Students now have yet another option when buying or selling their used textbooks — the World Wide Web.
A newly created website allows students who have access to the Internet to advertise their used books at no charge. The website, called University Books, is a product of Net Lite Communications of Wyandotte, Mich.
Potential buyers can search the site’s database by keyword and obtain a list of available titles. The name and contact information of the seller are also given. Buyers can then send e-mail to sellers, agree on a price and arrange to either meet them personally or negotiate some form of shipment.
A University used-book website called the Student Book Exchange was in operation last year, but was recently closed for upgrading.

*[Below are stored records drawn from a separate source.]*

(* Suppose that there exists an integer ${}^\lambda\mathrm{H}_t(m,n;s,k)$ with $\lambda$ odd. (1) If $t$ divides $\frac{nk}{\lambda}$, then $\frac{nk}{\lambda}\equiv 0\pmod 4$ or $\frac{nk}{\lambda}\equiv -t\equiv \pm1\pmod 4$. (2) If $t=\frac{2nk}{\lambda}$, then $s$ and $k$ are both even. (3) If $t\neq\frac{2nk}{\lambda}$ and $t$ does not divide $\frac{nk}{\lambda}$, then $\frac{2nk}{\lambda}+t\equiv 0\pmod 8$.
   Context: Let $m,n,s,k,\lambda,t$ be positive integers with $t$ dividing $\frac{2nk}{\lambda}$, let $v=\frac{2nk}{\lambda}+t$ and let $J$ be the subgroup of $\mathbb{Z}_v$ of order $t$. A $\lambda$-fold Heffter array ${}^\lambda\mathrm{H}_t(m,n;s,k)$ is an $m\times n$ partially filled array with entries in $\mathbb{Z}_v$ such that: (a) each row has exactly $s$ and each column exactly $k$ filled cells; (b) the multiset $\{\pm x: x$ an entry of a filled cell$\}$ contains each element of $\mathbb{Z}_v\setminus J$ exactly $\lambda$ times and no element of $J$; (c) every row and every column sums to $0$ in $\mathbb{Z}_v$. It is called integer if, when each entry is represented by its unique integer representative in $\pm\{1,2,\dots,\lfloor v/2\rfloor\}$, every row and every column sums to $0$ in $\mathbb{Z}$. *)

theory Defs
  imports Main "HOL-Library.Multiset"
begin

text \<open>An m x n partially filled array is modelled as a function
  A :: nat => nat => int option, with A i j = None meaning "empty cell".
  Elements of Z_v are represented by their canonical representatives in {0..<v}.\<close>

definition heff_v :: "nat \<Rightarrow> nat \<Rightarrow> nat \<Rightarrow> nat \<Rightarrow> int" where
  "heff_v lam t n k = int (2 * n * k div lam + t)"

definition filled_cells :: "nat \<Rightarrow> nat \<Rightarrow> (nat \<Rightarrow> nat \<Rightarrow> int option) \<Rightarrow> (nat \<times> nat) set" where
  "filled_cells m n A = {(i, j). i < m \<and> j < n \<and> A i j \<noteq> None}"

definition entry :: "(nat \<Rightarrow> nat \<Rightarrow> int option) \<Rightarrow> nat \<Rightarrow> nat \<Rightarrow> int" where
  "entry A i j = (case A i j of None \<Rightarrow> 0 | Some a \<Rightarrow> a)"

definition pm_entries :: "int \<Rightarrow> nat \<Rightarrow> nat \<Rightarrow> (nat \<Rightarrow> nat \<Rightarrow> int option) \<Rightarrow> int multiset" where
  "pm_entries v m n A =
     image_mset (\<lambda>(i, j). entry A i j mod v) (mset_set (filled_cells m n A)) +
     image_mset (\<lambda>(i, j). (- entry A i j) mod v) (mset_set (filled_cells m n A))"

text \<open>The subgroup J of Z_v of order t (t dividing v): the multiples of v/t.\<close>
definition subgrp_J :: "int \<Rightarrow> nat \<Rightarrow> int set" where
  "subgrp_J v t = {x. 0 \<le> x \<and> x < v \<and> (v div int t) dvd x}"

definition heffter ::
  "nat \<Rightarrow> nat \<Rightarrow> nat \<Rightarrow> nat \<Rightarrow> nat \<Rightarrow> nat \<Rightarrow> (nat \<Rightarrow> nat \<Rightarrow> int option) \<Rightarrow> bool" where
  "heffter lam t m n s k A \<longleftrightarrow>
     (let v = heff_v lam t n k in
      lam dvd 2 * n * k \<and> t dvd (2 * n * k div lam) \<and>
      (\<forall>i j. (m \<le> i \<or> n \<le> j) \<longrightarrow> A i j = None) \<and>
      (\<forall>i j a. A i j = Some a \<longrightarrow> 0 \<le> a \<and> a < v) \<and>
      (\<forall>i<m. card {j. j < n \<and> A i j \<noteq> None} = s) \<and>
      (\<forall>j<n. card {i. i < m \<and> A i j \<noteq> None} = k) \<and>
      (\<forall>x. 0 \<le> x \<and> x < v \<longrightarrow>
          count (pm_entries v m n A) x = (if x \<in> subgrp_J v t then 0 else lam)) \<and>
      (\<forall>i<m. (\<Sum>j<n. entry A i j) mod v = 0) \<and>
      (\<forall>j<n. (\<Sum>i<m. entry A i j) mod v = 0))"

definition int_rep :: "int \<Rightarrow> int \<Rightarrow> int" where
  "int_rep v x = (if x mod v \<le> v div 2 then x mod v else x mod v - v)"

definition integer_heffter ::
  "nat \<Rightarrow> nat \<Rightarrow> nat \<Rightarrow> nat \<Rightarrow> nat \<Rightarrow> nat \<Rightarrow> (nat \<Rightarrow> nat \<Rightarrow> int option) \<Rightarrow> bool" where
  "integer_heffter lam t m n s k A \<longleftrightarrow>
     heffter lam t m n s k A \<and>
     (let v = heff_v lam t n k in
      (\<forall>i<m. (\<Sum>j<n. int_rep v (entry A i j)) = 0) \<and>
      (\<forall>j<n. (\<Sum>i<m. int_rep v (entry A i j)) = 0))"

end

theory Submission
  imports Defs
begin

(* Summing all rows, the integer representatives of the entries add up to 0, so an even
   number of them is odd.  The representative of an entry x is odd exactly when the one of
   x, -x lying in [1, v/2] is odd, and by the Heffter condition every residue outside J
   arises exactly lam times as such a +-x.  Hence lam times the number of odd a in [1, v/2]
   outside J is even, so that number is even as lam is odd.  Writing 2nk/lam = t p, J is the
   set of multiples of p + 1, and counting the odd a in [1, v/2] not divisible by p + 1 turns
   this parity statement into the congruences (1) and (3).  In case (2), J is the set of even
   residues, so all entries are odd and every row and column has an even number of them. *)

lemma card_odd_int_atLeastAtMost:
  fixes N :: int
  assumes "0 \<le> N"
  shows "int (card {a. 1 \<le> a \<and> a \<le> N \<and> odd a}) = (N + 1) div 2"
proof -
  have "{a. 1 \<le> a \<and> a \<le> N \<and> odd a} = (\<lambda>j. 2 * j + 1) ` {0..<(N + 1) div 2}"
  proof (rule set_eqI, rule iffI)
    fix a assume "a \<in> {a. 1 \<le> a \<and> a \<le> N \<and> odd a}"
    then have "a = 2 * ((a - 1) div 2) + 1" "(a - 1) div 2 \<in> {0..<(N + 1) div 2}"
      by (auto elim!: oddE)
    then show "a \<in> (\<lambda>j. 2 * j + 1) ` {0..<(N + 1) div 2}" by blast
  qed auto
  then show ?thesis using assms by (simp add: card_image inj_on_def)
qed

lemma card_odd_multiples_int:
  fixes q N :: int
  assumes "0 < q" "odd q"
  shows "card {a. 1 \<le> a \<and> a \<le> N \<and> odd a \<and> q dvd a} = card {j. 1 \<le> j \<and> j \<le> N div q \<and> odd j}"
proof -
  have upper: "q * j \<le> N \<longleftrightarrow> j \<le> N div q" for j
  proof
    assume "q * j \<le> N"
    then show "j \<le> N div q" using zdiv_mono1[of "q * j" N q] assms(1) by simp
  next
    assume "j \<le> N div q"
    then have "q * j \<le> q * (N div q)" using assms(1) by simp
    also have "\<dots> = N - N mod q" by (simp add: minus_mod_eq_mult_div)
    also have "\<dots> \<le> N" using assms(1) by simp
    finally show "q * j \<le> N" .
  qed
  have lower: "1 \<le> q * j \<longleftrightarrow> 1 \<le> j" for j
    using assms(1) by (simp add: int_one_le_iff_zero_less zero_less_mult_iff)
  have "{a. 1 \<le> a \<and> a \<le> N \<and> odd a \<and> q dvd a} = (\<lambda>j. q * j) ` {j. 1 \<le> j \<and> j \<le> N div q \<and> odd j}"
  proof (intro set_eqI iffI)
    fix a assume a: "a \<in> {a. 1 \<le> a \<and> a \<le> N \<and> odd a \<and> q dvd a}"
    then obtain j where "a = q * j" by blast
    with a show "a \<in> (\<lambda>j. q * j) ` {j. 1 \<le> j \<and> j \<le> N div q \<and> odd j}" by (auto simp: upper lower)
  qed (use assms(2) in \<open>auto simp: upper lower\<close>)
  then show ?thesis using assms(1) by (simp add: card_image inj_on_def)
qed

lemma card_odd_nonmultiples_int:
  fixes q N :: int
  assumes "0 \<le> N" "0 < q"
  shows "int (card {a. 1 \<le> a \<and> a \<le> N \<and> odd a \<and> \<not> q dvd a})
    = (N + 1) div 2 - (if even q then 0 else (N div q + 1) div 2)"
proof -
  let ?Odd = "{a. 1 \<le> a \<and> a \<le> N \<and> odd a}"
  let ?Mult = "{a. 1 \<le> a \<and> a \<le> N \<and> odd a \<and> q dvd a}"
  have fin: "finite ?Odd" by (rule finite_subset[of _ "{1..N}"]) auto
  have sub: "?Mult \<subseteq> ?Odd" by auto
  have "{a. 1 \<le> a \<and> a \<le> N \<and> odd a \<and> \<not> q dvd a} = ?Odd - ?Mult" by auto
  then have "card {a. 1 \<le> a \<and> a \<le> N \<and> odd a \<and> \<not> q dvd a} = card ?Odd - card ?Mult"
    using card_Diff_subset[OF finite_subset[OF sub fin] sub] by simp
  moreover have "card ?Mult \<le> card ?Odd" using fin by (intro card_mono) auto
  moreover have "int (card ?Mult) = (if even q then 0 else (N div q + 1) div 2)"
  proof (cases "even q")
    case True
    then have "?Mult = {}" by (auto dest: dvd_trans)
    then show ?thesis using True by (metis card.empty of_nat_0)
  next
    case False
    have "0 \<le> N div q" using assms by (simp add: pos_imp_zdiv_nonneg_iff)
    then show ?thesis
      using False card_odd_multiples_int[OF assms(2) False] card_odd_int_atLeastAtMost by simp
  qed
  ultimately show ?thesis using card_odd_int_atLeastAtMost[OF assms(1)] by simp
qed

lemma abs_int_rep:
  assumes "0 \<le> x" "x < v"
  shows "\<bar>int_rep v x\<bar> = (if x \<le> v div 2 then x else v - x)"
  using assms by (simp add: int_rep_def)

lemma card_abs_int_rep_mem:
  fixes e :: "'c \<Rightarrow> int" and J S :: "int set"
  assumes fin: "finite F"
    and range: "\<And>c. c \<in> F \<Longrightarrow> 0 \<le> e c \<and> e c < v"
    and not_half: "\<And>c. c \<in> F \<Longrightarrow> 2 * e c \<noteq> v"
      \<comment> \<open>v/2 equals its own negative and would be counted twice\<close>
    and count: "\<And>x. 0 \<le> x \<Longrightarrow> x < v \<Longrightarrow>
      count (image_mset (\<lambda>c. e c mod v) (mset_set F) + image_mset (\<lambda>c. (- e c) mod v) (mset_set F)) x
        = (if x \<in> J then 0 else lam)"
    and "0 \<notin> S"
  shows "card {c\<in>F. \<bar>int_rep v (e c)\<bar> \<in> S} = lam * card {a. 1 \<le> a \<and> a \<le> v div 2 \<and> a \<in> S \<and> a \<notin> J}"
proof -
  define PM where "PM = image_mset (\<lambda>c. e c mod v) (mset_set F) + image_mset (\<lambda>c. (- e c) mod v) (mset_set F)"
  define B where "B = {a. 1 \<le> a \<and> a \<le> v div 2 \<and> a \<in> S \<and> a \<notin> J}"
  have finB: "finite B" unfolding B_def by (rule finite_subset[of _ "{1..v div 2}"]) auto
  have "filter_mset (\<lambda>a. a \<in> B) PM = repeat_mset lam (mset_set B)"
  proof (rule multiset_eqI)
    fix x
    show "count (filter_mset (\<lambda>a. a \<in> B) PM) x = count (repeat_mset lam (mset_set B)) x"
      using count[of x] finB unfolding PM_def B_def by auto
  qed
  then have "size (filter_mset (\<lambda>a. a \<in> B) PM) = lam * card B" by simp
  moreover have "size (filter_mset (\<lambda>a. a \<in> B) PM) = card {c\<in>F. e c mod v \<in> B} + card {c\<in>F. (- e c) mod v \<in> B}"
    unfolding PM_def using fin by (simp add: filter_mset_image_mset)
  moreover have "(e c mod v \<in> B \<or> (- e c) mod v \<in> B \<longleftrightarrow> \<bar>int_rep v (e c)\<bar> \<in> S)
      \<and> \<not> (e c mod v \<in> B \<and> (- e c) mod v \<in> B)" if "c \<in> F" for c
  proof -
    have x: "0 \<le> e c" "e c < v" "2 * e c \<noteq> v" using range not_half that by auto
    have "y \<notin> J" if "y \<in># PM" for y
    proof -
      have "0 \<le> y" "y < v" using that x by (auto simp: PM_def)
      then have "count PM y = (if y \<in> J then 0 else lam)" using count[of y] by (simp add: PM_def)
      moreover have "count PM y \<noteq> 0" using \<open>y \<in># PM\<close> by simp
      ultimately show ?thesis by (simp split: if_splits)
    qed
    moreover have "e c mod v \<in># PM" "(- e c) mod v \<in># PM" using that fin by (auto simp: PM_def)
    moreover have "e c mod v = e c" "(- e c) mod v = (if e c = 0 then 0 else v - e c)"
      using x by (auto simp: zmod_zminus1_eq_if)
    ultimately show ?thesis using x \<open>0 \<notin> S\<close> by (auto simp: B_def abs_int_rep)
  qed
  then have "{c\<in>F. \<bar>int_rep v (e c)\<bar> \<in> S} = {c\<in>F. e c mod v \<in> B} \<union> {c\<in>F. (- e c) mod v \<in> B}"
    and "{c\<in>F. e c mod v \<in> B} \<inter> {c\<in>F. (- e c) mod v \<in> B} = {}"
    by blast+
  ultimately show ?thesis using fin by (simp add: card_Un_disjoint B_def)
qed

Dion Almaer, a former University computer science major and the maintainer of the website, said he expects to bring the site back online by the end of fall quarter.
“I’m from England and books there are free. Then I came here and found you have to pay full price for your books at the beginning of the quarter and then at the end of the quarter you sell them back and get only half price. I felt really screwed,” Almaer said.
The University’s bookstores and the Student Book Store in Dinkytown buy used books from students for 50 percent of the new book prices. Used books are only bought back if an instructor notifies the bookstore that the books will be used in upcoming courses.
“Finals week is the best time to sell back your books,” said Robert Crabb, director of University Bookstores. This is because the stores know which books they will be selling, he added.
University Bookstores and the Dinkytown store both sell used books for 75 percent of their list prices.
“Those prices are pretty much universal in the college book industry,” Crabb said.
“For a book that was $10 new, we’d buy it back for $5 and resell it for $7.50,” said Mark Hepler, manager of the Student Book Store in Dinkytown.
Helen Phin, president of the Minnesota Student Association, said the organization is planning on helping Almaer advertise his book-buying website.
“Just because right now it’s very hard to get a fair price for your books from the bookstore,” she said.
Buying used books directly from a previous user may allow students to save money by cutting out the retailer, but some local booksellers say the website method has some disadvantages.
“To me it doesn’t sound like a real good idea because you wouldn’t be able to look at your books before you buy them and check what condition they are in,” said Shirley Helen, acting store manager of the University’s East Bank Store located in Williamson Hall.
Hepler said a book’s condition is not much of an issue for students. “It’s that you have to get things in and have them ready to go at the beginning of the quarter,” he said.